» Problem to work on:
Write out, word for word, every line in the data below from the one containing "t \<kappa> (M" to the one containing "(qvar * \<kappa> (t+1) /", both of them included.

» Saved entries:
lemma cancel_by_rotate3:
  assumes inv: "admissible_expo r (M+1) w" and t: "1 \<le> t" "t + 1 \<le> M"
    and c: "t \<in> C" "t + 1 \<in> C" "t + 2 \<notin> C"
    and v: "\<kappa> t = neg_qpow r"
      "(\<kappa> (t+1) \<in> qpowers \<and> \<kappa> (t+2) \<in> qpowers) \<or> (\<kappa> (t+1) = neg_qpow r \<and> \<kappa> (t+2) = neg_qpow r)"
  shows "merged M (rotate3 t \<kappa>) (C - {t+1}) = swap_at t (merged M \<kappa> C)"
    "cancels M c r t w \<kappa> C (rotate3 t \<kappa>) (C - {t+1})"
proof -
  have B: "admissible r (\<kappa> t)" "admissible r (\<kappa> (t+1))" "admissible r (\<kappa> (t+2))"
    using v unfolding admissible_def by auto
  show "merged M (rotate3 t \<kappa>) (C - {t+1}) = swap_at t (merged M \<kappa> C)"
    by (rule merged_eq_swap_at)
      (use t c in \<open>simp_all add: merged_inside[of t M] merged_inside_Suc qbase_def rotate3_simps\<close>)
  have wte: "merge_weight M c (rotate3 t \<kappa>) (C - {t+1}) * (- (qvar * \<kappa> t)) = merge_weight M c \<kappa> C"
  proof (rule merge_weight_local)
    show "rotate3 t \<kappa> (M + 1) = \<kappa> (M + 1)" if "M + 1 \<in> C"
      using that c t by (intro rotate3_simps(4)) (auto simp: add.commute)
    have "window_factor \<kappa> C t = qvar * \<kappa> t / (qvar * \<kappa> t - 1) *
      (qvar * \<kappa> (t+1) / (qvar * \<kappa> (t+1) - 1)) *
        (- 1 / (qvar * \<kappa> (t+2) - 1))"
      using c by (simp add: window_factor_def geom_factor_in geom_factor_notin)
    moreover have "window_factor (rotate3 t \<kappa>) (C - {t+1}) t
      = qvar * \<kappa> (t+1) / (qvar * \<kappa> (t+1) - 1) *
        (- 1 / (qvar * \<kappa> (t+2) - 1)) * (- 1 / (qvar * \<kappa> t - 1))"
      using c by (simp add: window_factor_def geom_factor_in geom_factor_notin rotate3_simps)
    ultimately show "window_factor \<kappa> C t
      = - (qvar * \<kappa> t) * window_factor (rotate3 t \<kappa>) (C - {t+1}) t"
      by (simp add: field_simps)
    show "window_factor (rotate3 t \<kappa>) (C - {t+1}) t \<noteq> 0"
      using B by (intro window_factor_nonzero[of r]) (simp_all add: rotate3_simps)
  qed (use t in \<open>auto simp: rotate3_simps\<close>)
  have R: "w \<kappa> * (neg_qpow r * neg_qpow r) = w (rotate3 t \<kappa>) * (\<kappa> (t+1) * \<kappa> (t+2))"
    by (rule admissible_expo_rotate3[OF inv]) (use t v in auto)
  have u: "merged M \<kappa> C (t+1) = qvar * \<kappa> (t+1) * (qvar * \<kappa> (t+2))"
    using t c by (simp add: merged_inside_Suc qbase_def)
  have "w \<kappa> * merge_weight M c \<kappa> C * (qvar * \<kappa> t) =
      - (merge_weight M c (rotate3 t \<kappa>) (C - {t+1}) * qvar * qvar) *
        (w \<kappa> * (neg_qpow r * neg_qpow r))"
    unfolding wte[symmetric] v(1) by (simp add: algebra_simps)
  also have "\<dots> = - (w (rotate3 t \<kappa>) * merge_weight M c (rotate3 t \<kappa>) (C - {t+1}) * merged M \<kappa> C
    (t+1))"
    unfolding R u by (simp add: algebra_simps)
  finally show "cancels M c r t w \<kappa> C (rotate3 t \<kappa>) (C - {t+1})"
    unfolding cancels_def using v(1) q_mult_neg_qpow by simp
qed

» Solved exercise:
    show "rotate3 t \<kappa> (M + 1) = \<kappa> (M + 1)" if "M + 1 \<in> C"
      using that c t by (intro rotate3_simps(4)) (auto simp: add.commute)
    have "window_factor \<kappa> C t = qvar * \<kappa> t / (qvar * \<kappa> t - 1) *
      (qvar * \<kappa> (t+1) / (qvar * \<kappa> (t+1) - 1)) *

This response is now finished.